# Directions for this task:
Only lines holding the string "imports" are wanted; copy each one from the material.

# Data:
(* Let $N\ge1$ and $n\ge1$, and let $\mathbf A_1,\dots,\mathbf A_N$ be real $n\times n$ matrices with $\|\mathbf A_i\|_\infty\le 1/4$ for all $i$. Suppose that the Gauss differentiation matrix $\mathbf D_{1:N}$ is invertible with $\|\mathbf D_{1:N}^{-1}\|_\infty\le2$. Then for each $\mathbf q\in\mathbb R^n$ and $\mathbf p=(\mathbf p_1,\dots,\mathbf p_N)\in\mathbb R^{nN}$ with $\mathbf p_i\in\mathbb R^n$, the linear system $$\sum_{j=1}^ND_{ij}\mathbf X_j-\mathbf A_i\mathbf X_i=\mathbf p_i\ (1\le i\le N),\qquad \mathbf X_{N+1}-\sum_{j=1}^N\omega_j\mathbf A_j\mathbf X_j=\mathbf q$$ has a unique solution $\mathbf X_j\in\mathbb R^n$, $1\le j\le N+1$, and this solution satisfies $\|\mathbf X_j\|_\infty\le 4\|\mathbf p\|_\infty+\|\mathbf q\|_\infty$ for $1\le j\le N+1$.
   Context: $-1<\tau_1<\dots<\tau_N<1$ are the $N$ Gauss quadrature abscissas (roots of the degree-$N$ Legendre polynomial), $\omega_1,\dots,\omega_N>0$ the Gauss weights (summing to 2), $\tau_0=-1$. $D_{ij}=\dot L_j(\tau_i)$ for $1\le i\le N$, $0\le j\le N$, where $L_j(\tau)=\prod_{k=0,k\ne j}^N\frac{\tau-\tau_k}{\tau_j-\tau_k}$; $\mathbf D_{1:N}=(D_{ij})_{1\le i,j\le N}$. For a vector, $\|\cdot\|_\infty$ is the maximum absolute entry; for a matrix it is the largest absolute row sum (the induced norm). *)

theory Defs
  imports "HOL-Analysis.Analysis" "HOL-Computational_Algebra.Polynomial"
begin

text \<open>Legendre polynomials via Bonnet's recurrence
  (n+1) P_(n+1) = (2n+1) x P_n - n P_(n-1).\<close>
fun legendre :: "nat \<Rightarrow> real poly" where
  "legendre 0 = 1"
| "legendre (Suc 0) = [:0, 1:]"
| "legendre (Suc (Suc n)) =
     smult (1 / (real n + 2))
       (smult (2 * real n + 3) ([:0, 1:] * legendre (Suc n)) - smult (real n + 1) (legendre n))"

definition gauss_node :: "nat \<Rightarrow> nat \<Rightarrow> real" where
  "gauss_node N i = (if i = 0 then -1
      else sorted_list_of_set {x. poly (legendre N) x = 0} ! (i - 1))"

definition gauss_weight :: "nat \<Rightarrow> nat \<Rightarrow> real" where
  "gauss_weight N j = integral {-1..1}
     (\<lambda>t. \<Prod>k\<in>{1..N} - {j}. (t - gauss_node N k) / (gauss_node N j - gauss_node N k))"

definition lagrange_basis :: "nat \<Rightarrow> nat \<Rightarrow> real \<Rightarrow> real" where
  "lagrange_basis N j t = (\<Prod>k\<in>{0..N} - {j}. (t - gauss_node N k) / (gauss_node N j - gauss_node N k))"

definition gauss_diff :: "nat \<Rightarrow> nat \<Rightarrow> nat \<Rightarrow> real" where
  "gauss_diff N i j = deriv (lagrange_basis N j) (gauss_node N i)"
(* Fix a uniformity $r\ge2$ and a residue $k$ modulo $r$. Let $\mathrm{cyc}=(1\,2\,\cdots\,r)\in S_r$ and $\pi=\mathrm{cyc}^k$. An $r$-graph $G$ is $\mathscr C_k^{(r)}$-hom-free if and only if there is an accordant $A_\pi$-coloring $\chi:\vec E(G)\to A_\pi$.
   Context: An $r$-graph is an $r$-uniform hypergraph. For $\ell>r$, the tight cycle $C_\ell^{(r)}$ has vertices $v_1,\dots,v_\ell$ and edges $\{v_i,\dots,v_{i+r-1}\}$, $1\le i\le \ell$, indices mod $\ell$. A homomorphism $F\to G$ is a map $\phi:V(F)\to V(G)$ sending each edge of $F$ onto an edge of $G$ (images of an edge's vertices are distinct). $G$ is $\mathscr C_k^{(r)}$-hom-free if there is no homomorphism $C_\ell^{(r)}\to G$ for any $\ell>r$ with $\ell\equiv k\pmod r$. An oriented edge of $G$ is an ordered $r$-tuple $x_1\cdots x_r$ of vertices whose underlying set $\{x_1,\dots,x_r\}$ is an edge of $G$; $\vec E(G)$ is the set of oriented edges, with $S_r$-action $\sigma(x_1\cdots x_r)=x_{\sigma^{-1}(1)}\cdots x_{\sigma^{-1}(r)}$. For an $S_r$-set $A$, an $A$-coloring of $\vec E(G)$ is an $S_r$-equivariant map $\chi:\vec E(G)\to A$ (i.e. $\chi(\sigma(\mathbf x))=\sigma(\chi(\mathbf x))$); it is accordant if $\chi(\mathbf x)=\chi(\mathbf x')$ whenever $\mathbf x,\mathbf x'\in\vec E(G)$ differ in exactly one coordinate. A subgroup of $S_r$ avoids $\pi$ if it contains no conjugate of $\pi$. Let $\mathfrak G_\pi$ be the set of maximal $\pi$-avoiding subgroups of $S_r$, and write $\mathfrak G_\pi$ as the disjoint union of the conjugacy classes of subgroups $\Gamma_1,\dots,\Gamma_m$. Then $A_\pi=\bigsqcup_{i=1}^m S_r/\Gamma_i$, the disjoint union of the sets of left cosets, with $S_r$ acting by left multiplication. *)

theory Defs
  imports "HOL-Algebra.Sym_Groups" "HOL-Algebra.Coset"
begin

# Exercise output:
  imports "HOL-Analysis.Analysis" "HOL-Computational_Algebra.Polynomial"
  imports "HOL-Algebra.Sym_Groups" "HOL-Algebra.Coset"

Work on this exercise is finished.